Machine Learning and Computational Biology Research Group, Max Planck Institute for Developmental Biology and Max Planck Institute for Intelligent Systems, Tübingen, Germany.
BMC Genomics. 2013 Feb 27;14:132. doi: 10.1186/1471-2164-14-132.
One of the major open challenges in next generation sequencing (NGS) is the accurate identification of structural variants such as insertions and deletions (indels).

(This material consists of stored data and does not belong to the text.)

lemma msg_in_alphabet_iff:
  assumes "e \<in> alphabet Mo Mi" "Mo \<inter> Mi = {}"
  shows "msg e \<in> Mo \<longleftrightarrow> is_send e" and "msg e \<in> Mi \<longleftrightarrow> is_recv e"
  using assms by (cases e; auto)+

lemma length_proj_le: "length (proj M w) \<le> length w"
  by (induction w) auto

lemma length_proj_sends:
  "set w \<subseteq> alphabet Mo Mi \<Longrightarrow> Mo \<inter> Mi = {} \<Longrightarrow> length (proj Mo w) = length (filter is_send w)"
proof (induction w)
  case (Cons e w)
  then show ?case by (cases e) auto
qed simp

lemma length_proj_receives:
  "set w \<subseteq> alphabet Mo Mi \<Longrightarrow> Mo \<inter> Mi = {} \<Longrightarrow> length (proj Mi w) = length (filter is_recv w)"
proof (induction w)
  case (Cons e w)
  then show ?case by (cases e) auto
qed simp

lemma sr_machine_transitions: "sr_machine Mo Mi K T h \<Longrightarrow> T \<subseteq> K \<times> alphabet Mo Mi \<times> K"
  by (simp add: sr_machine_def)

lemma sr_machine_finite: "sr_machine Mo Mi K T h \<Longrightarrow> finite K"
  by (simp add: sr_machine_def)

lemma sr_machine_home_in: "sr_machine Mo Mi K T h \<Longrightarrow> h \<in> K"
  by (simp add: sr_machine_def)

lemma sr_machine_connected:
  "sr_machine Mo Mi K T h \<Longrightarrow> p \<in> K \<Longrightarrow> q \<in> K \<Longrightarrow> \<exists>w. path T p w q"
  by (simp add: sr_machine_def)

Current methods for indel calling assign scores to different types of evidence or counter-evidence for the presence of an indel, such as the number of split read alignments spanning the boundaries of a deletion candidate or reads that map within a putative deletion. Candidates with a score above a manually defined threshold are then predicted to be true indels. As a consequence, structural variants detected in this manner contain many false positives.
Here, we present a machine learning based method which is able to discover and distinguish true from false indel candidates in order to reduce the false positive rate. Our method identifies indel candidates using a discriminative classifier based on features of split read alignment profiles and trained on true and false indel candidates that were validated by Sanger sequencing. We demonstrate the usefulness of our method with paired-end Illumina reads from 80 genomes of the first phase of the 1001 Genomes Project ( http://www.1001genomes.org) in Arabidopsis thaliana.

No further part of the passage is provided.